While Fish says there is no alternative to looking to the intent of the author, there is an alternative, indeed, what might seem to be a better alternative: looking to the intent of the enactors, signers, and ratifiers. OK, so Fish might be willing to accept that move, perhaps by revising the idea of the “author” to mean not the author of the language but rather the enactors of the statute or Constitutional provision.
Yet that simple move changes the analysis considerably. Once you have hundreds or thousands of enactors or ratifiers, then you are usually talking about the public meaning of words at the time, not the idiosyncratic private meanings of the man or woman who drafted the language. Now you are in the realm of “original meaning originalism,” not “original intent originalism” which Fish posits as the only form of interpretation.
Nonetheless, some original meaning originalists will allow idiosyncratic meanings to trump the usual public meaning at the time if that idiosyncratic meaning was publicly discussed and probably agreed upon (or presumably if legal terms of art are used that differ from ordinary public meaning, e.g., “under color of official right”). Where such idiosyncratic meanings were not discussed publicly or where searching for them might lead to more error than not searching for them, for some people (not me) “textualism” might be a crude shorthand label for looking to the meaning intended by the enactors and ratifiers. Given the cooperative enterprise of enactment or ratification, their intention is very likely to be the public meaning of the words at the time.
So, although Fish is right that intentionality matters and provisions are more than simply arrangements of markings on the face of a rock, he does not follow up that insight by asking (as Rick Kay did in his classic 1980s Northwestern Law Review article) what makes these words important. It is not, as Fish supposes, the intention of the author, but rather the political act of enactment that makes them deserving of respect as law. Thus, I think Fish is wrong that there is no alternative to the intentionality of the author of a provision. The alternative is the intention of the enactors and ratifiers, which will almost always be the public meaning of the words at the time.
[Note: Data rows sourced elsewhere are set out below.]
definition whittaker_functional :: "('f::field_char_0 \<Rightarrow> complex) \<Rightarrow> nat \<Rightarrow> 'f
      \<Rightarrow> (complex \<Rightarrow> 'v::ab_group_add \<Rightarrow> 'v) \<Rightarrow> ('f mat \<Rightarrow> 'v \<Rightarrow> 'v) \<Rightarrow> ('v \<Rightarrow> complex) \<Rightarrow> bool" where
  "whittaker_functional \<psi> l \<rho> sm \<pi> \<Gamma> \<longleftrightarrow>
     Vector_Spaces.linear sm (*) \<Gamma> \<and>
     (\<forall>u\<in>Uunip l \<rho>. \<forall>x. \<Gamma> (\<pi> u x) = psiU \<psi> l u * \<Gamma> x)"

text \<open>W(pi,psi) = {g \<mapsto> Gamma(pi(g)x)}; functions are compared on SO_2l(F) only.\<close>
definition whittaker_model :: "nat \<Rightarrow> 'f::field \<Rightarrow> ('f mat \<Rightarrow> 'v \<Rightarrow> 'v) \<Rightarrow> ('v \<Rightarrow> complex)
      \<Rightarrow> ('f mat \<Rightarrow> complex) set" where
  "whittaker_model l \<rho> \<pi> \<Gamma> = {W. \<exists>x. \<forall>g\<in>SO l \<rho>. W g = \<Gamma> (\<pi> g x)}"

end

theory Submission
  imports Defs "HOL-Algebra.Left_Coset"
begin

text \<open>
  The integral defining \<open>W\<^sub>m\<close> is a finite average of right translates of \<open>W\<close>.
  Write \<open>W g = \<Gamma> (\<pi> g x)\<close> and fix \<open>k\<close> so large that \<open>x\<close> is fixed by \<open>K\<^sub>k\<close> and that
  \<open>\<psi>\<^sub>m\<close> is invariant under right translation by \<open>N\<^sub>k = U\<^sub>m \<inter> (I + Mat(p\<^sup>k))\<close>; the
  latter holds because \<open>U\<^sub>m\<close> has entries of bounded valuation and \<open>\<psi>\<close> is unramified.
  The integrand \<open>u \<mapsto> \<psi>\<^sub>m(u)\<^sup>-\<^sup>1 W(g u)\<close> is then right \<open>N\<^sub>k\<close>-invariant, and its
  normalized integral is its average over the cosets \<open>U\<^sub>m / N\<^sub>k\<close>, of which there are
  finitely many because the residue field is finite. Hence
  \<open>W\<^sub>m g = \<Sigma>\<^sub>C c\<^sub>C W (g u\<^sub>C) = \<Gamma> (\<pi> g x')\<close> with \<open>x' = \<Sigma>\<^sub>C c\<^sub>C \<pi> u\<^sub>C x\<close>.
\<close>

section \<open>Valuations\<close>

locale local_field =
  fixes v :: "'f::field_char_0 \<Rightarrow> int" and w :: 'f
  assumes nonarch: "nonarch_local_field v"
    and uniformizer: "uniformizer v w"
begin

lemma valuation_mult: "x \<noteq> 0 \<Longrightarrow> y \<noteq> 0 \<Longrightarrow> v (x * y) = v x + v y"
  using nonarch unfolding nonarch_local_field_def by blast

lemma valuation_add: "x \<noteq> 0 \<Longrightarrow> y \<noteq> 0 \<Longrightarrow> x + y \<noteq> 0 \<Longrightarrow> min (v x) (v y) \<le> v (x + y)"
  using nonarch unfolding nonarch_local_field_def by blast

lemma valuation_one: "v 1 = 0"
  using valuation_mult[of 1 1] by simp

lemma valuation_inverse: "x \<noteq> 0 \<Longrightarrow> v (inverse x) = - v x"
  using valuation_mult[of x "inverse x"] valuation_one by simp

lemma valuation_uminus: "x \<noteq> 0 \<Longrightarrow> v (- x) = v x"
  using valuation_mult[of "-1" "-1"] valuation_mult[of "-1" x] valuation_one by simp

lemma valuation_power_int: "x \<noteq> 0 \<Longrightarrow> v (x powi n) = n * v x"
proof -
  assume x: "x \<noteq> 0"
  have "v (x ^ k) = int k * v x" for k
    by (induction k) (simp_all add: x valuation_one valuation_mult algebra_simps)
  then show ?thesis
    using x by (cases "n \<ge> 0") (auto simp: power_int_def power_inverse valuation_inverse)
qed

lemma uniformizer_nonzero: "w \<noteq> 0"
  using uniformizer unfolding uniformizer_def by simp

lemma in_pow_zero [simp]: "in_pow v k 0"
  by (simp add: in_pow_def)

lemma in_pow_one: "in_pow v 0 1"
  by (simp add: in_pow_def valuation_one)

lemma in_pow_mono: "a \<le> b \<Longrightarrow> in_pow v b x \<Longrightarrow> in_pow v a x"
  unfolding in_pow_def by auto

lemma in_pow_add: "in_pow v k x \<Longrightarrow> in_pow v k y \<Longrightarrow> in_pow v k (x + y)"
  unfolding in_pow_def using valuation_add[of x y] by fastforce

lemma in_pow_uminus: "in_pow v k x \<Longrightarrow> in_pow v k (- x)"
  unfolding in_pow_def using valuation_uminus[of x] by fastforce

lemma in_pow_diff: "in_pow v k x \<Longrightarrow> in_pow v k y \<Longrightarrow> in_pow v k (x - y)"
  using in_pow_add[of k x "- y"] in_pow_uminus[of k y] by simp

lemma in_pow_mult: "in_pow v a x \<Longrightarrow> in_pow v b y \<Longrightarrow> in_pow v (a + b) (x * y)"
  unfolding in_pow_def using valuation_mult[of x y] by fastforce

lemma in_pow_divide: "in_pow v k x \<Longrightarrow> y \<noteq> 0 \<Longrightarrow> in_pow v (k - v y) (x / y)"
  using in_pow_mult[of k x "- v y" "inverse y"] valuation_inverse[of y]
  by (simp add: in_pow_def divide_inverse)

lemma in_pow_sum: "(\<And>i. i \<in> A \<Longrightarrow> in_pow v k (f i)) \<Longrightarrow> in_pow v k (sum f A)"
  by (induction A rule: infinite_finite_induct) (auto intro: in_pow_add)

lemma in_pow_power_int: "in_pow v n (w powi n)"
  using uniformizer valuation_power_int[of w n] by (simp add: in_pow_def uniformizer_def)

lemma finite_residues_nat:
  "\<exists>R. finite R \<and> (\<forall>x. in_pow v B x \<longrightarrow> (\<exists>r\<in>R. in_pow v (B + int n) (x - r)))"
proof (induction n)
  case 0
  show ?case by (rule exI[of _ "{0}"]) simp
next
  case (Suc n)
  define K where "K = B + int n"
  obtain R where R: "finite R" "\<And>x. in_pow v B x \<Longrightarrow> \<exists>r\<in>R. in_pow v K (x - r)"
    using Suc K_def by blast
  obtain R1 where R1: "finite R1" "\<And>y. in_pow v 0 y \<Longrightarrow> \<exists>s\<in>R1. in_pow v 1 (y - s)"
    using nonarch unfolding nonarch_local_field_def by blast
  have "\<exists>r'\<in>(\<lambda>(r, s). r + w powi K * s) ` (R \<times> R1). in_pow v (K + 1) (x - r')"
    if x: "in_pow v B x" for x
  proof -
    obtain r where r: "r \<in> R" "in_pow v K (x - r)" using R(2)[OF x] by blast
    define y where "y = (x - r) * w powi (- K)"
    have "in_pow v (K + - K) y"
      unfolding y_def by (rule in_pow_mult[OF r(2) in_pow_power_int])
    then obtain s where s: "s \<in> R1" "in_pow v 1 (y - s)" using R1(2) by auto
    have "w powi K * w powi (- K) = 1"
      using uniformizer_nonzero by (simp add: power_int_minus)
    then have "x - r = w powi K * y"
      unfolding y_def by (simp add: mult.left_commute[of "w powi K"])
    then have "x - (r + w powi K * s) = w powi K * (y - s)"
      by (simp add: algebra_simps)
    moreover have "in_pow v (K + 1) (w powi K * (y - s))"
      by (rule in_pow_mult[OF in_pow_power_int s(2)])
    ultimately show ?thesis using r(1) s(1) by force
  qed
  moreover have "finite ((\<lambda>(r, s). r + w powi K * s) ` (R \<times> R1))"
    using R(1) R1(1) by simp
  moreover have "B + int (Suc n) = K + 1" by (simp add: K_def)
  ultimately show ?case by metis
qed

lemma finite_residues: "\<exists>R. finite R \<and> (\<forall>x. in_pow v B x \<longrightarrow> (\<exists>r\<in>R. in_pow v K (x - r)))"
proof -
  obtain R where R: "finite R"
    and approx: "\<And>x. in_pow v B x \<Longrightarrow> \<exists>r\<in>R. in_pow v (B + int (nat (K - B))) (x - r)"
    using finite_residues_nat by blast
  have "\<exists>r\<in>R. in_pow v K (x - r)" if x: "in_pow v B x" for x
  proof -
    obtain r where r: "r \<in> R" "in_pow v (B + int (nat (K - B))) (x - r)"
      using approx[OF x] by blast
    have "K \<le> B + int (nat (K - B))" by simp
    with r show ?thesis using in_pow_mono by blast
  qed
  then show ?thesis using R by blast
qed

end

section \<open>Unitriangular and diagonal matrices\<close>

lemma index_mult_mat_sum:
  assumes "A \<in> carrier_mat nr n" "B \<in> carrier_mat n nc" "i < nr" "j < nc"
  shows "(A * B) $$ (i, j) = (\<Sum>t<n. A $$ (i, t) * B $$ (t, j))"
  using assms by (simp add: scalar_prod_def atLeast0LessThan)

definition upper_unitriangular :: "nat \<Rightarrow> 'a::{zero,one} mat \<Rightarrow> bool" where
  "upper_unitriangular n A \<longleftrightarrow>
     (\<forall>i<n. \<forall>j<n. (j < i \<longrightarrow> A $$ (i, j) = 0) \<and> (i = j \<longrightarrow> A $$ (i, j) = 1))"

lemma upper_unitriangular_one: "upper_unitriangular n (1\<^sub>m n)"
  by (simp add: upper_unitriangular_def)

lemma upper_unitriangular_mult_entry:
  fixes A B :: "'a::comm_ring_1 mat"
  assumes A: "A \<in> carrier_mat n n" and B: "B \<in> carrier_mat n n"
    and uA: "upper_unitriangular n A" and i: "i < n" and j: "j < n"
  shows "(A * B) $$ (i, j) = B $$ (i, j) + (\<Sum>t\<in>{Suc i..<n}. A $$ (i, t) * B $$ (t, j))"
proof -
  let ?f = "\<lambda>t. A $$ (i, t) * B $$ (t, j)"
  have "(\<Sum>t<n. ?f t) = (\<Sum>t\<in>{0..<i}. ?f t) + (\<Sum>t\<in>{i..<n}. ?f t)"
    using i by (simp add: atLeast0LessThan[symmetric] sum.atLeastLessThan_concat)
  also have "(\<Sum>t\<in>{i..<n}. ?f t) = ?f i + (\<Sum>t\<in>{Suc i..<n}. ?f t)"
    using i by (simp add: sum.atLeast_Suc_lessThan)
  also have "(\<Sum>t\<in>{0..<i}. ?f t) = 0"
    using uA i by (intro sum.neutral) (simp add: upper_unitriangular_def)
  finally show ?thesis
    using uA i by (simp add: index_mult_mat_sum[OF A B i j] upper_unitriangular_def)
qed

lemma upper_unitriangular_mult:
  fixes A B :: "'a::comm_ring_1 mat"
  assumes A: "A \<in> carrier_mat n n" and B: "B \<in> carrier_mat n n"
    and uA: "upper_unitriangular n A" and uB: "upper_unitriangular n B"
  shows "upper_unitriangular n (A * B)"
  unfolding upper_unitriangular_def
proof (intro allI impI)
  fix i j assume i: "i < n" and j: "j < n"
  have "(\<Sum>t\<in>{Suc i..<n}. A $$ (i, t) * B $$ (t, j)) = 0" if "j \<le> i"
    using uB that by (intro sum.neutral) (auto simp: upper_unitriangular_def)
  then have "(A * B) $$ (i, j) = B $$ (i, j)" if "j \<le> i"
    using that by (simp add: upper_unitriangular_mult_entry[OF A B uA i j])
  then show "(j < i \<longrightarrow> (A * B) $$ (i, j) = 0) \<and> (i = j \<longrightarrow> (A * B) $$ (i, j) = 1)"
    using uB i j unfolding upper_unitriangular_def by auto
qed

definition unitriangular_entry :: "('a \<Rightarrow> bool) \<Rightarrow> 'a::{zero,one} mat \<Rightarrow> nat \<Rightarrow> nat \<Rightarrow> bool" where
  "unitriangular_entry P B i j \<longleftrightarrow>
     (j < i \<longrightarrow> B $$ (i, j) = 0) \<and> (i = j \<longrightarrow> B $$ (i, j) = 1) \<and> (i < j \<longrightarrow> P (B $$ (i, j)))"

lemma unitriangular_entry_inverse_step:
  fixes A B :: "'a::comm_ring_1 mat"
  assumes A: "A \<in> carrier_mat n n" and B: "B \<in> carrier_mat n n"
    and uA: "upper_unitriangular n A" and AB: "A * B = 1\<^sub>m n"
    and PA: "\<And>i j. i < j \<Longrightarrow> j < n \<Longrightarrow> P (A $$ (i, j))"
    and P0: "P 0" and Padd: "\<And>x y. P x \<Longrightarrow> P y \<Longrightarrow> P (x + y)"
    and Puminus: "\<And>x. P x \<Longrightarrow> P (- x)" and Pmult: "\<And>x y. P x \<Longrightarrow> P y \<Longrightarrow> P (x * y)"
    and i: "i < n" and j: "j < n"
    and below: "\<And>t. i < t \<Longrightarrow> t < n \<Longrightarrow> unitriangular_entry P B t j"
  shows "unitriangular_entry P B i j"
proof -
  let ?S = "\<Sum>t\<in>{Suc i..<n}. A $$ (i, t) * B $$ (t, j)"
  have B_ij: "B $$ (i, j) = 1\<^sub>m n $$ (i, j) - ?S"
    using upper_unitriangular_mult_entry[OF A B uA i j] AB by simp
  have "?S = 0" if "j \<le> i"
    using below that by (intro sum.neutral) (auto simp: unitriangular_entry_def)
  moreover have "P ?S"
  proof -
    have Psum: "P (sum f S)" if "\<And>t. t \<in> S \<Longrightarrow> P (f t)" for f and S :: "nat set"
      using that by (induction S rule: infinite_finite_induct) (auto intro: P0 Padd)
    have "P (A $$ (i, t) * B $$ (t, j))" if t: "i < t" "t < n" for t
      using below[OF t] PA[OF t] P0 Pmult
      by (cases t j rule: linorder_cases) (simp_all add: unitriangular_entry_def)
    then show ?thesis by (intro Psum) simp
  qed
  ultimately show ?thesis
    using B_ij i j Puminus by (auto simp: unitriangular_entry_def)
qed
I leave for others whether Fish or the “textualists” and “strict constructionists” are closer to this form of sophisticated original meaning originalism, which I find a coherent and defensible position (though I don’t endorse it). The Constitution is more than a literary text and sometimes modes of interpretation designed for literary texts will be appropriate — and sometimes not.
(Perhaps my other conspirators or Larry Solum over at Legal Theory blog can provide some more informed analysis. In particular, I hope that Randy Barnett, who was the primary expositor and popularizer of the distinction between “original intent originalism” and “original meaning originalism,” will weigh in with a closer and more informed analysis of Stanley Fish’s argument for original intent originalism than I can give.)